Exercise goal
Write back every record verbatim.

Information shown
lemma gcd_M_mult_vec_norm:
  assumes c: "c = GaussCase" and a1: "a1 \<in> Rvec c" and Q: "hform M a1 a1 = of_nat \<nu> * det M"
  obtains g m where "g \<in> Rset GaussCase" "g \<noteq> 0" "(M *v a1) $ 1 / g \<in> Rset GaussCase"
    "(M *v a1) $ 2 / g \<in> Rset GaussCase" "g * cnj g = det M * of_int m"
proof -
  define w1 where "w1 = (M *v a1) $ 1"
  define w2 where "w2 = (M *v a1) $ 2"
  have w: "w1 \<in> Rset GaussCase" "w2 \<in> Rset GaussCase"
    using M_mult_vec_in_Rvec[OF a1] c unfolding w1_def w2_def by auto
  have "w1 \<noteq> 0 \<or> w2 \<noteq> 0"
    using M_mult_vec_nonzero[of a1] Q det_nonzero nu_pos unfolding w1_def w2_def by simp
  then obtain g u v where g: "g \<in> Rset GaussCase" "u \<in> Rset GaussCase" "v \<in> Rset GaussCase"
    "g = u * w1 + v * w2" "g \<noteq> 0" "w1 / g \<in> Rset GaussCase" "w2 / g \<in> Rset GaussCase"
    using gauss_bezout[OF w] by metis
  define p q where "p = a1 $ 1" and "q = a1 $ 2"
  define b where "b = \<beta> * of_nat \<nu> + p * cnj q"
  define m where "m = u * cnj u * (\<alpha> * of_nat \<nu> - q * cnj q)
    + v * cnj v * (\<gamma> * of_nat \<nu> - p * cnj p) + u * cnj v * b + cnj u * v * cnj b"
  have "g * cnj g = u * cnj u * (w1 * cnj w1) + v * cnj v * (w2 * cnj w2)
      + u * cnj v * (w1 * cnj w2) + cnj u * v * cnj (w1 * cnj w2)"
    unfolding g(4) by (simp add: algebra_simps)
  also have "\<dots> = det M * m"
    unfolding w1_def w2_def hform_eq_lambda[OF Q] m_def b_def p_def q_def
    using cnj_det by (simp add: algebra_simps)
  finally have gm: "g * cnj g = det M * m" .
  have "det M * cnj m = cnj (g * cnj g)"
    unfolding gm using cnj_det by simp
  also have "\<dots> = g * cnj g" by (simp add: mult.commute)
  also have "\<dots> = det M * m" by (rule gm)
  finally have "cnj m = m" using det_nonzero by simp
  have "m \<in> Rset GaussCase"
    unfolding m_def b_def p_def q_def using g(2,3) a1 alpha_in beta_in gamma_in c
    by (auto simp: Rvec_iff intro!: Rset_add Rset_mult Rset_diff Rset_cnj Rset_of_nat)
  then obtain m0 where "m = of_int m0" using \<open>cnj m = m\<close> by (rule Rset_real_eq_of_int)
  then show ?thesis using that g(1,5,6,7) gm unfolding w1_def w2_def by blast
qed

lemma orthoregular_extension_GaussCase:
  assumes c: "c = GaussCase" and a1: "a1 \<in> Rvec c" and Q: "hform M a1 a1 = of_nat \<nu> * det M"
  shows "\<exists>a2. orthoregular c M (of_nat \<nu> * det M) a1 a2"
proof -
  obtain g m where g: "g \<in> Rset GaussCase" "g \<noteq> 0" "(M *v a1) $ 1 / g \<in> Rset GaussCase"
    "(M *v a1) $ 2 / g \<in> Rset GaussCase" "g * cnj g = det M * of_int m"
    using gcd_M_mult_vec_norm[OF assms] .
  obtain D where D: "det M = of_int D" "0 < D" by (rule det_eq_of_int)
  define z where "z = of_nat \<nu> * g * cnj (of_nat \<nu> * \<delta>)"
  have "z \<in> Rset GaussCase"
    unfolding z_def using g(1) delta_in c by (simp only: Rset_mult Rset_of_nat Rset_cnj)
  moreover have "z * cnj z = of_nat \<nu> ^ 4 * (g * cnj g) * (\<delta> * cnj \<delta>)"
    unfolding z_def by (simp add: algebra_simps power4_eq_xxxx)
  then have "z * cnj z = of_int (m * (int \<nu> ^ 2 * D)\<^sup>2)"
    unfolding g(5) delta_mult_cnj D(1) by (simp add: algebra_simps power2_eq_square power4_eq_xxxx)
  ultimately obtain h where h: "h \<in> Rset GaussCase" "h * cnj h = of_int m"
    using gauss_sum_two_squares_descent nu_pos D(2) by (metis of_nat_0_less_iff zero_less_mult_iff
        zero_less_power)
  define k where "k = cnj h / cnj g"
  have "m \<noteq> 0" using g(2,5) det_nonzero by auto
  have "cnj k * k * det M = (h * cnj h) * det M / (g * cnj g)"
    unfolding k_def by (simp add: field_simps)
  also have "\<dots> = 1"
    unfolding g(5) h(2) using det_nonzero \<open>m \<noteq> 0\<close> by simp
  finally have k: "cnj k * k * det M = 1" .
  have "k *s perp (M *v a1) = vector [- cnj (h * ((M *v a1) $ 2 / g)), cnj (h * ((M *v a1) $ 1 / g))]"
    unfolding k_def perp_def by (simp add: vec_eq_iff forall_2)
  then have "k *s perp (M *v a1) \<in> Rvec c"
    unfolding Rvec_iff c
    using Rset_uminus[OF Rset_cnj[OF Rset_mult[OF h(1) g(4)]]] Rset_cnj[OF Rset_mult[OF h(1) g(3)]]
    by simp
  then show ?thesis
    using orthoregular_scaled_perp[OF a1 _ k] Q by metis
qed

Task output
lemma gcd_M_mult_vec_norm:
  assumes c: "c = GaussCase" and a1: "a1 \<in> Rvec c" and Q: "hform M a1 a1 = of_nat \<nu> * det M"
  obtains g m where "g \<in> Rset GaussCase" "g \<noteq> 0" "(M *v a1) $ 1 / g \<in> Rset GaussCase"
    "(M *v a1) $ 2 / g \<in> Rset GaussCase" "g * cnj g = det M * of_int m"
proof -
  define w1 where "w1 = (M *v a1) $ 1"
  define w2 where "w2 = (M *v a1) $ 2"
  have w: "w1 \<in> Rset GaussCase" "w2 \<in> Rset GaussCase"
    using M_mult_vec_in_Rvec[OF a1] c unfolding w1_def w2_def by auto
  have "w1 \<noteq> 0 \<or> w2 \<noteq> 0"
    using M_mult_vec_nonzero[of a1] Q det_nonzero nu_pos unfolding w1_def w2_def by simp
  then obtain g u v where g: "g \<in> Rset GaussCase" "u \<in> Rset GaussCase" "v \<in> Rset GaussCase"
    "g = u * w1 + v * w2" "g \<noteq> 0" "w1 / g \<in> Rset GaussCase" "w2 / g \<in> Rset GaussCase"
    using gauss_bezout[OF w] by metis
  define p q where "p = a1 $ 1" and "q = a1 $ 2"
  define b where "b = \<beta> * of_nat \<nu> + p * cnj q"
  define m where "m = u * cnj u * (\<alpha> * of_nat \<nu> - q * cnj q)
    + v * cnj v * (\<gamma> * of_nat \<nu> - p * cnj p) + u * cnj v * b + cnj u * v * cnj b"
  have "g * cnj g = u * cnj u * (w1 * cnj w1) + v * cnj v * (w2 * cnj w2)
      + u * cnj v * (w1 * cnj w2) + cnj u * v * cnj (w1 * cnj w2)"
    unfolding g(4) by (simp add: algebra_simps)
  also have "\<dots> = det M * m"
    unfolding w1_def w2_def hform_eq_lambda[OF Q] m_def b_def p_def q_def
    using cnj_det by (simp add: algebra_simps)
  finally have gm: "g * cnj g = det M * m" .
  have "det M * cnj m = cnj (g * cnj g)"
    unfolding gm using cnj_det by simp
  also have "\<dots> = g * cnj g" by (simp add: mult.commute)
  also have "\<dots> = det M * m" by (rule gm)
  finally have "cnj m = m" using det_nonzero by simp
  have "m \<in> Rset GaussCase"
    unfolding m_def b_def p_def q_def using g(2,3) a1 alpha_in beta_in gamma_in c
    by (auto simp: Rvec_iff intro!: Rset_add Rset_mult Rset_diff Rset_cnj Rset_of_nat)
  then obtain m0 where "m = of_int m0" using \<open>cnj m = m\<close> by (rule Rset_real_eq_of_int)
  then show ?thesis using that g(1,5,6,7) gm unfolding w1_def w2_def by blast
qed

lemma orthoregular_extension_GaussCase:
  assumes c: "c = GaussCase" and a1: "a1 \<in> Rvec c" and Q: "hform M a1 a1 = of_nat \<nu> * det M"
  shows "\<exists>a2. orthoregular c M (of_nat \<nu> * det M) a1 a2"
proof -
  obtain g m where g: "g \<in> Rset GaussCase" "g \<noteq> 0" "(M *v a1) $ 1 / g \<in> Rset GaussCase"
    "(M *v a1) $ 2 / g \<in> Rset GaussCase" "g * cnj g = det M * of_int m"
    using gcd_M_mult_vec_norm[OF assms] .
  obtain D where D: "det M = of_int D" "0 < D" by (rule det_eq_of_int)
  define z where "z = of_nat \<nu> * g * cnj (of_nat \<nu> * \<delta>)"
  have "z \<in> Rset GaussCase"
    unfolding z_def using g(1) delta_in c by (simp only: Rset_mult Rset_of_nat Rset_cnj)
  moreover have "z * cnj z = of_nat \<nu> ^ 4 * (g * cnj g) * (\<delta> * cnj \<delta>)"
    unfolding z_def by (simp add: algebra_simps power4_eq_xxxx)
  then have "z * cnj z = of_int (m * (int \<nu> ^ 2 * D)\<^sup>2)"
    unfolding g(5) delta_mult_cnj D(1) by (simp add: algebra_simps power2_eq_square power4_eq_xxxx)
  ultimately obtain h where h: "h \<in> Rset GaussCase" "h * cnj h = of_int m"
    using gauss_sum_two_squares_descent nu_pos D(2) by (metis of_nat_0_less_iff zero_less_mult_iff
        zero_less_power)
  define k where "k = cnj h / cnj g"
  have "m \<noteq> 0" using g(2,5) det_nonzero by auto
  have "cnj k * k * det M = (h * cnj h) * det M / (g * cnj g)"
    unfolding k_def by (simp add: field_simps)
  also have "\<dots> = 1"
    unfolding g(5) h(2) using det_nonzero \<open>m \<noteq> 0\<close> by simp
  finally have k: "cnj k * k * det M = 1" .
  have "k *s perp (M *v a1) = vector [- cnj (h * ((M *v a1) $ 2 / g)), cnj (h * ((M *v a1) $ 1 / g))]"
    unfolding k_def perp_def by (simp add: vec_eq_iff forall_2)
  then have "k *s perp (M *v a1) \<in> Rvec c"
    unfolding Rvec_iff c
    using Rset_uminus[OF Rset_cnj[OF Rset_mult[OF h(1) g(4)]]] Rset_cnj[OF Rset_mult[OF h(1) g(3)]]
    by simp
  then show ?thesis
    using orthoregular_scaled_perp[OF a1 _ k] Q by metis
qed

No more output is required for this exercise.